No caso, prevaleceu o entendimento de que o animal havia sido dado à mulher como presente pelo então marido ainda durante a vida em comum. Por essa razão, o cão foi considerado bem particular da ex-esposa, sem ingresso na partilha decorrente do divórcio. O recurso apresentado pelo ex-marido foi rejeitado.
A disputa teve origem em processo de divórcio litigioso na Comarca de Conselheiro Lafaiete, na região Central de Minas Gerais. O homem defendia que deveria permanecer com o pet, afirmando que quitou o pagamento do animal em 2021. A prova testemunhal produzida, contudo, indicou que o filhote foi escolhido em 2019 justamente para ser presenteado à então esposa.
A mulher, por sua vez, sustentou que sempre esteve à frente dos cuidados com o cachorro, respondendo pelas vacinas e pelas decisões ligadas ao animal.

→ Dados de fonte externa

(* Let $X$ be the Cantor set, $\alpha$ a minimal homeomorphism of $X$, and $\phi:X\to\operatorname{Isom}(\mathbb{T})$ continuous such that $\alpha\times\phi$ is minimal and not orientation preserving. Let $x_0\in X$ and let $\mathcal P=\{X(v,k):v\in V,\ k=1,\dots,h(v)\}$ be a Kakutani–Rohlin partition for $(X,\alpha)$ such that $x_0\in R(\mathcal P)$ and $o(\phi)$ is constant on each clopen set of $\widetilde{\mathcal P}$. Then $h_\phi$ is equivalent to $\sum_{v\in V,\ o(\phi)_v=1}1_{X(v,h(v))}$ in $K_1(A_{x_0})$.
   Context: $\alpha\times\phi:(x,t)\mapsto(\alpha(x),\phi_x(t))$; $o(\phi)(x)=0$ if $\phi_x$ preserves orientation and $1$ otherwise; $\alpha\times\phi$ is orientation preserving iff $o(\phi)\in\{f-f\circ\alpha^{-1}:f\in C(X,\mathbb{Z}_2)\}$. Define the automorphism $\alpha_\phi^*$ of $C(X,\mathbb{Z})$ by $\alpha_\phi^*(f)(x)=(-1)^{o(\phi)(\alpha^{-1}(x))}f(\alpha^{-1}(x))$ (this is the map induced by $\alpha\times\phi$ on $K_1(C(X\times\mathbb{T}))\cong C(X,\mathbb{Z})$). With $A_{x_0}$ the $C^*$-subalgebra of $C^*(X\times\mathbb{T},\alpha\times\phi)$ generated by $C(X\times\mathbb{T})$ and $uC_0((X\setminus\{x_0\})\times\mathbb{T})$, $K_1(A_{x_0})$ is identified with $C(X,\mathbb{Z})/\{f-\alpha_\phi^*(f):f\in C(X,\mathbb{Z}),f(x_0)=0\}$; "$f$ is equivalent to $g$ in $K_1(A_{x_0})$" means $f-g$ lies in that subgroup. $h_\phi\in C(X,\mathbb{Z})$ is $h_\phi(x)=1$ if $o(\phi)(\alpha^{-1}(x))=1$ and $0$ otherwise. A Kakutani–Rohlin partition is a clopen partition $\{X(v,k)\}$ with $\alpha(X(v,k))=X(v,k+1)$ for $k<h(v)$ and $\alpha(\bigcup_vX(v,h(v)))=\bigcup_vX(v,1)$; $R(\mathcal P)=\bigcup_vX(v,h(v))$ is the roof set, $\widetilde{\mathcal P}=\{X(v,k):k<h(v)\}\cup\{R(\mathcal P)\}$, and $o(\phi)_v=\sum_{i=0}^{h(v)-1}o(\phi)(\alpha^i(x))\in\mathbb{Z}_2$ for any $x\in X(v,1)$. *)

theory Defs
  imports "HOL-Analysis.Analysis"
begin

(* The Cantor space {0,1}^N with the product topology; "X is the Cantor set" means
   X is homeomorphic to it. *)
definition cantor_space :: "(nat \<Rightarrow> bool) topology" where
  "cantor_space = product_topology (\<lambda>_. discrete_topology (UNIV :: bool set)) UNIV"

definition minimal_homeo :: "'a topology \<Rightarrow> ('a \<Rightarrow> 'a) \<Rightarrow> bool" where
  "minimal_homeo X T \<longleftrightarrow> homeomorphic_map X X T \<and>
     (\<forall>C. closedin X C \<and> T ` C = C \<longrightarrow> C = {} \<or> C = topspace X)"

definition circle :: "complex topology" where
  "circle = subtopology euclidean (sphere 0 1)"

definition circle_isom :: "(complex \<Rightarrow> complex) \<Rightarrow> bool" where
  "circle_isom g \<longleftrightarrow> g ` sphere 0 1 = sphere 0 1 \<and>
     (\<forall>s\<in>sphere 0 1. \<forall>t\<in>sphere 0 1. dist (g s) (g t) = dist s t)"

(* Orientation-preserving isometries of the circle are the rotations. *)
definition orient_pres :: "(complex \<Rightarrow> complex) \<Rightarrow> bool" where
  "orient_pres g \<longleftrightarrow> (\<exists>c. cmod c = 1 \<and> (\<forall>t\<in>sphere 0 1. g t = c * t))"

(* phi : X -> Isom(T) continuous (continuity into Isom(T) with compact-open topology,
   i.e. joint continuity of (x,t) |-> phi_x(t)). *)
definition isom_cocycle :: "'a topology \<Rightarrow> ('a \<Rightarrow> complex \<Rightarrow> complex) \<Rightarrow> bool" where
  "isom_cocycle X \<phi> \<longleftrightarrow> (\<forall>x\<in>topspace X. circle_isom (\<phi> x)) \<and>
     continuous_map (prod_topology X circle) circle (\<lambda>(x,t). \<phi> x t)"

definition skew :: "('a \<Rightarrow> 'a) \<Rightarrow> ('a \<Rightarrow> complex \<Rightarrow> complex) \<Rightarrow> 'a \<times> complex \<Rightarrow> 'a \<times> complex" where
  "skew \<alpha> \<phi> = (\<lambda>(x,t). (\<alpha> x, \<phi> x t))"

(* o(phi) with values in Z_2 = bool (True = 1). *)
definition ophi :: "('a \<Rightarrow> complex \<Rightarrow> complex) \<Rightarrow> 'a \<Rightarrow> bool" where
  "ophi \<phi> x = (\<not> orient_pres (\<phi> x))"

definition ainv :: "'a topology \<Rightarrow> ('a \<Rightarrow> 'a) \<Rightarrow> 'a \<Rightarrow> 'a" where
  "ainv X \<alpha> = inv_into (topspace X) \<alpha>"

(* alpha x phi orientation preserving iff o(phi) = f - f o alpha^{-1} for some f in C(X,Z_2)
   (subtraction in Z_2 is exclusive or). *)
definition skew_orient_pres :: "'a topology \<Rightarrow> ('a \<Rightarrow> 'a) \<Rightarrow> ('a \<Rightarrow> complex \<Rightarrow> complex) \<Rightarrow> bool" where
  "skew_orient_pres X \<alpha> \<phi> \<longleftrightarrow>
     (\<exists>f. continuous_map X (discrete_topology (UNIV::bool set)) f \<and>
          (\<forall>x\<in>topspace X. ophi \<phi> x = (f x \<noteq> f (ainv X \<alpha> x))))"

definition astar :: "'a topology \<Rightarrow> ('a \<Rightarrow> 'a) \<Rightarrow> ('a \<Rightarrow> complex \<Rightarrow> complex) \<Rightarrow> ('a \<Rightarrow> int) \<Rightarrow> 'a \<Rightarrow> int" where
  "astar X \<alpha> \<phi> f x = (if ophi \<phi> (ainv X \<alpha> x) then - 1 else 1) * f (ainv X \<alpha> x)"

definition hphi :: "'a topology \<Rightarrow> ('a \<Rightarrow> 'a) \<Rightarrow> ('a \<Rightarrow> complex \<Rightarrow> complex) \<Rightarrow> 'a \<Rightarrow> int" where
  "hphi X \<alpha> \<phi> x = (if ophi \<phi> (ainv X \<alpha> x) then 1 else 0)"

(* f and g are equivalent in K_1(A_{x0}) = C(X,Z)/{f - alpha_phi^* f : f in C(X,Z), f(x0)=0};
   functions are compared on the space X. *)
definition K1_equiv :: "'a topology \<Rightarrow> ('a \<Rightarrow> 'a) \<Rightarrow> ('a \<Rightarrow> complex \<Rightarrow> complex) \<Rightarrow> 'a
      \<Rightarrow> ('a \<Rightarrow> int) \<Rightarrow> ('a \<Rightarrow> int) \<Rightarrow> bool" where
  "K1_equiv X \<alpha> \<phi> x0 f g \<longleftrightarrow>
     (\<exists>k. continuous_map X euclidean k \<and> k x0 = 0 \<and>
          (\<forall>x\<in>topspace X. f x - g x = k x - astar X \<alpha> \<phi> k x))"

Também afirmou que a tentativa de retomada do buldogue pelo ex-marido configurava violência psicológica.
Em primeira instância, ela já havia obtido decisão favorável. No recurso ao TJMG, o ex-marido insistiu que não existiriam provas de que o cão tivesse sido presente e alegou que sempre exerceu o papel de tutor, inclusive manifestando discordância em relação ao nome dado ao animal.
A relatora do julgamento acolheu uma preliminar apenas para ajustar a fundamentação técnica adotada na sentença. Conforme explicou, o enquadramento da controvérsia como questão de “guarda” não era o mais adequado, pois, à luz do Código Civil, o caso deve ser examinado no âmbito da partilha de bens.
Segundo a magistrada, "ainda que se reconheça o intenso afeto nutrido pelos donos com seus animais domésticos, considerados seres sencientes, a relação jurídica que envolve a titularidade e a posse dos animais de estimação regula-se pelas normas da propriedade (...), em consonância com o entendimento consolidado na 8 ª Câmara Cível do TJMG, de que os institutos do Direito de Família são inadequados para regular a relação jurídica envolvendo animais de estimação”.
A relatora também destacou os depoimentos das testemunhas para concluir que o cachorro pertencia exclusivamente à ex-esposa e concluiu que o fato de o pagamento ter sido finalizado após a separação não modifica a natureza da doação.